There will be some scaling laws for robotics, when you collect more data on a specific task you can expect certain improvements. The problem is that the general idea of emergent behavior feels very different. Control seems like a progressively harder problem, where getting the most subtle movements out requires drastically more computation and insight. In language, getting to another level of abilities is rearranging the same tokens, but with more insight.
The emergence I'm most interested in with robotics is the idea that a robot trained on one set of tasks can do something entirely different in a new environment. Environment transfer, for now, seems way harder than even changing languages with your LLM. Environment transfer feels almost like changing the tokens in your vocabulary and expecting the scaling laws to hold.
I hope I am wrong, and we see progress take off, but it should be a much slower integration (which is okay).
Data, robotics, and accelerating progress
Robotics and control-based agents don't have all the luxuries of language: abundant pretraining data, digital-only domains, extremely structured, etc.

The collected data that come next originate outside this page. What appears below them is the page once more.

text \<open>Both sides of the Leibniz rule at an arrow \<beta> reduce to sums over the arrows \<alpha> with
  N \<alpha> \<beta> \<noteq> 0, which are parallel to \<beta>; at vertices both sides vanish.\<close>
lemma arrow_der_Der:
  assumes parallel: "\<And>\<alpha> \<beta>. \<alpha> \<in> E \<Longrightarrow> \<beta> \<in> E \<Longrightarrow> N \<alpha> \<beta> \<noteq> 0 \<Longrightarrow> s \<alpha> = s \<beta> \<and> t \<alpha> = t \<beta>"
  shows "arrow_der V E s N \<in> Der V E s t K"
proof -
  have "arrow_der V E s N (rsz_mult V E s t x y) c
      = rsz_mult V E s t (arrow_der V E s N x) y c + rsz_mult V E s t x (arrow_der V E s N y) c"
    if x: "x \<in> rsz_carrier V E s" and y: "y \<in> rsz_carrier V E s" for x y c
  proof (cases "c \<in> arr_path s ` E")
    case True
    then obtain \<beta> where \<beta>: "\<beta> \<in> E" "c = arr_path s \<beta>" by auto
    have "arrow_der V E s N (rsz_mult V E s t x y) c
        = (\<Sum>\<alpha>\<in>E. (x (s \<alpha>, []) * y (arr_path s \<alpha>) + x (arr_path s \<alpha>) * y (t \<alpha>, [])) * N \<alpha> \<beta>)"
      using \<beta> by (simp add: arrow_der_eval rsz_mult_arrow)
    also have "\<dots> = (\<Sum>\<alpha>\<in>E. x (arr_path s \<alpha>) * N \<alpha> \<beta> * y (t \<beta>, [])
                         + x (s \<beta>, []) * (y (arr_path s \<alpha>) * N \<alpha> \<beta>))"
      using parallel[OF _ \<beta>(1)] by (intro sum.cong refl) (force simp: algebra_simps)
    also have "\<dots> = (\<Sum>\<alpha>\<in>E. x (arr_path s \<alpha>) * N \<alpha> \<beta>) * y (t \<beta>, [])
                  + x (s \<beta>, []) * (\<Sum>\<alpha>\<in>E. y (arr_path s \<alpha>) * N \<alpha> \<beta>)"
      by (simp add: sum.distrib sum_distrib_left sum_distrib_right)
    also have "\<dots> = rsz_mult V E s t (arrow_der V E s N x) y c
                    + rsz_mult V E s t x (arrow_der V E s N y) c"
      using \<beta> x y by (simp add: rsz_mult_arrow arrow_der_eval)
    finally show ?thesis .
  next
    case False
    then show ?thesis
      using x y by (cases c) (auto simp: rsz_mult_eval arrow_der_eval basis_iff)
  qed
  then show ?thesis
    using arrow_der_vlinear_on[of N]
    unfolding Der_def vlinear_on_def by (auto simp: arrow_der_outside_carrier vadd_def fun_eq_iff)
qed

lemma vertex_elem_arrow[simp]: "vertex_elem V l (arr_path s \<beta>) = 0"
  unfolding vertex_elem_def arr_path_def by simp

lemma vertex_elem_vertex[simp]: "vertex_elem V l (v, []) = (if v \<in> V then l v else 0)"
  unfolding vertex_elem_def by simp

lemma inner_der_eval:
  "x \<in> rsz_carrier V E s \<Longrightarrow> inner_der V E s t a x c = rsz_mult V E s t a x c - rsz_mult V E s t x a c"
  unfolding inner_der_def by simp

lemma inner_der_outside_carrier: "x \<notin> rsz_carrier V E s \<Longrightarrow> inner_der V E s t a x = (\<lambda>_. 0)"
  unfolding inner_der_def by simp

lemma inner_der_carrier[simp]: "inner_der V E s t a x \<in> rsz_carrier V E s"
  unfolding inner_der_def rsz_carrier_def by (auto simp: rsz_mult_outside_basis)

lemma inner_der_Inn: "a \<in> rsz_carrier V E s \<Longrightarrow> inner_der V E s t a \<in> Inn V E s t K"
  unfolding Inn_iff by blast

lemma inner_der_vlinear_on:
  fixes a :: "('v,'a) path \<Rightarrow> 'k::field"
  shows "vlinear_on (rsz_carrier V E s) (inner_der V E s t a)"
  unfolding vlinear_on_def
proof (intro conjI ballI allI)
  fix x y :: "('v,'a,'k) elem" assume x: "x \<in> rsz_carrier V E s" and y: "y \<in> rsz_carrier V E s"
  then have "vadd x y \<in> rsz_carrier V E s" by simp
  then show "inner_der V E s t a (vadd x y) = vadd (inner_der V E s t a x) (inner_der V E s t a y)"
    using x y by (auto simp: fun_eq_iff inner_der_eval vadd_def rsz_mult_eval algebra_simps)
next
  fix r :: 'k and x :: "('v,'a,'k) elem" assume x: "x \<in> rsz_carrier V E s"
  then have "vsmult r x \<in> rsz_carrier V E s" by simp
  then show "inner_der V E s t a (vsmult r x) = vsmult r (inner_der V E s t a x)"
    using x by (auto simp: fun_eq_iff inner_der_eval vsmult_def rsz_mult_eval algebra_simps)
qed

I still believe we'll start to see breakthroughs through common engineering approaches: accumulate the biggest and cleanest datasets, scale up models with the right inductive bias, and repeat. The only problem is that you can't really scrape datasets for robotics, you tend to need to build them.
The way that the flywheel starts to spin for robotics ML data is for robots to start to get beachheads in society. We have vacuums, we have self-driving cars, we have manipulation arms. We need more and we need the data to be accessible by a central entity. If this doesn’t happen, I don’t see another way for the spark to signal a step change in robotics work from an AI point of view.

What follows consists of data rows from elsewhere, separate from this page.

lemma pt1_eq_cross_ratio_combination:
  assumes d12: "det2 z1 z2 \<noteq> 0" and d13: "det2 z1 z3 \<noteq> 0" and d23: "det2 z2 z3 \<noteq> 0"
    and d1z: "det2 z1 z \<noteq> (0 :: 'a::field)"
  defines "r \<equiv> cross_ratio z1 z2 z3 z"
  shows "pt1 z = pt1 (r * det2 z3 z2 * fst z1 + det2 z1 z3 * fst z2,
                      r * det2 z3 z2 * snd z1 + det2 z1 z3 * snd z2)"
proof -
  define a b where "a = det2 z z2 / det2 z1 z2" and "b = det2 z1 z / det2 z1 z2"
  have "b / det2 z1 z3 \<noteq> 0"
    unfolding b_def using d1z d12 d13 by simp
  have "a * det2 z1 z3 = b * det2 z3 z2 * r"
  proof -
    have swap: "det2 z3 z2 = - det2 z2 z3"
      by (rule det2_swap)
    have r_eq: "r = - (det2 z1 z3 * det2 z z2) / (det2 z2 z3 * det2 z1 z)"
      unfolding r_def cross_ratio_def by (subst (2) det2_swap) simp
    show ?thesis
      using d12 d13 d23 d1z unfolding a_def b_def swap r_eq by (simp add: field_simps)
  qed
  then have "b / det2 z1 z3 * (r * det2 z3 z2 * x + det2 z1 z3 * y) = a * x + b * y" for x y
    using d13 by (simp add: field_simps)
  then have "z = (b / det2 z1 z3 * (r * det2 z3 z2 * fst z1 + det2 z1 z3 * fst z2),
                  b / det2 z1 z3 * (r * det2 z3 z2 * snd z1 + det2 z1 z3 * snd z2))"
    using pair_Cramer[OF d12, of z] by (simp flip: a_def b_def)
  then show ?thesis
    using pt1_scale[OF \<open>b / det2 z1 z3 \<noteq> 0\<close>] by simp
qed

text \<open>If \<open>\<langle>z\<rangle> = \<langle>z1\<rangle>\<close>, the denominator of the cross ratio vanishes, so by \<open>x / 0 = 0\<close>
  the last hypothesis holds trivially; this point is the image of \<open>\<langle>(1, 0)\<rangle>\<close>.\<close>
lemma pt1_in_subline_through:
  assumes d12: "det2 z1 z2 \<noteq> 0" and d13: "det2 z1 z3 \<noteq> 0" and d23: "det2 z2 z3 \<noteq> 0"
    and z: "z \<noteq> (0, 0 :: 'a::field)" and cr: "cross_ratio z1 z2 z3 z \<in> Fq q" and "0 < q"
  shows "pt1 z \<in> subline_through q z1 z2 z3"
proof -
  define c1 c2 where "c1 = det2 z3 z2 / det2 z1 z2" and "c2 = det2 z1 z3 / det2 z1 z2"
  define M where "M x y = (c1 * fst z1 * x + c2 * fst z2 * y, c1 * snd z1 * x + c2 * snd z2 * y)" for x y
  have c: "c1 \<noteq> 0" "c2 \<noteq> 0"
    using assms by (simp_all add: c1_def c2_def det2_swap[of z3])
  have "subline_through q z1 z2 z3 = {pt1 (M x y) | x y. pt1 (x, y) \<in> PG1_q q \<and> (x, y) \<noteq> (0, 0)}"
    by (simp add: subline_through_def subline_image_def M_def c1_def c2_def Let_def)
  moreover have "\<exists>x y. x \<in> Fq q \<and> y \<in> Fq q \<and> (x, y) \<noteq> (0, 0) \<and> pt1 z = pt1 (M x y)"
  proof (cases "det2 z1 z = 0")
    case True
    have "det2 z z1 = 0"
      using True by (simp add: det2_swap[of z])
    moreover have "z1 \<noteq> (0, 0)"
      using d12 by (auto simp: det2_def)
    ultimately obtain m where m: "z = (m * fst z1, m * snd z1)"
      by (rule det2_eq_0_imp_scalar)
    with z c have "m / c1 \<noteq> 0"
      by auto
    have "pt1 z = pt1 ((m / c1) * (c1 * fst z1), (m / c1) * (c1 * snd z1))"
      using c by (simp add: m)
    also have "\<dots> = pt1 (M 1 0)"
      by (simp only: pt1_scale[OF \<open>m / c1 \<noteq> 0\<close>]) (simp add: M_def)
    finally show ?thesis
      using \<open>0 < q\<close> by (intro exI[of _ 1] exI[of _ 0]) (simp add: Fq_def)
  next
    case False
    define r where "r = cross_ratio z1 z2 z3 z"
    define v where "v = (r * det2 z3 z2 * fst z1 + det2 z1 z3 * fst z2,
                         r * det2 z3 z2 * snd z1 + det2 z1 z3 * snd z2)"
    have "pt1 z = pt1 v"
      unfolding v_def r_def using d12 d13 d23 False by (rule pt1_eq_cross_ratio_combination)
    also have "\<dots> = pt1 (1 / det2 z1 z2 * fst v, 1 / det2 z1 z2 * snd v)"
      using pt1_scale[of "1 / det2 z1 z2" "fst v" "snd v"] d12 by simp
    also have "\<dots> = pt1 (M r 1)"
      by (simp add: v_def M_def c1_def c2_def algebra_simps)
    finally show ?thesis
      using cr by (intro exI[of _ r] exI[of _ 1]) (simp add: r_def)
  qed
  ultimately show ?thesis
    using pt1_in_PG1_q by blast
qed

section \<open>Twisted cubics\<close>

definition cubic_point ::
  "(nat \<Rightarrow> 'a::comm_ring_1) \<Rightarrow> (nat \<Rightarrow> 'a) \<Rightarrow> (nat \<Rightarrow> 'a) \<Rightarrow> (nat \<Rightarrow> 'a) \<Rightarrow> 'a \<Rightarrow> 'a \<Rightarrow> nat \<Rightarrow> 'a"
  where "cubic_point e0 e1 e2 e3 s t = (\<lambda>i. s^3 * e0 i + s^2 * t * e1 i + s * t^2 * e2 i + t^3 * e3 i)"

I would love to see a link between YouTube videos, world understanding, and control, but that seems a bit too far out. Adept AI, who recently released an 8B parameter open-source LLM, is seemingly training a model on things like YouTube tutorials (the model release has unused code components of visual layers). This would be one step in that direction, but there has not yet been a strong demonstration of understanding transferring to low-level control — it transfers to basic reasoning, like what should I try and do, not how do I do it.
Robotics seems to be the final frontier of the bitter lesson and how more data can defeat all other blockers - I’m very curious how it ends. If data can end up being the trend that defeats Moravec's paradox, there are very few things I wouldn't bet on AI solving. For that reason, following progress in robotic learning will always be a great litmus test during the great phase shift we are experiencing.
Pre-paywall: Thanks to Ted Xiao and
for useful conversations that helped bootstrap this post over the last year (I’ve wanted to get back into robotics for a while)Humanoid robot investment confusion
I’ve been confused for a long time with the likes of Tesla’s Optimus, 1X Robotics, Agility Robotics, etc.’s seemingly totally unfounded hype on the humanoid form factor.
To be clear, I don’t think Tesla will make a mass-market robot available within 15 years, and I don’t think anyone would want to buy one for many years after that.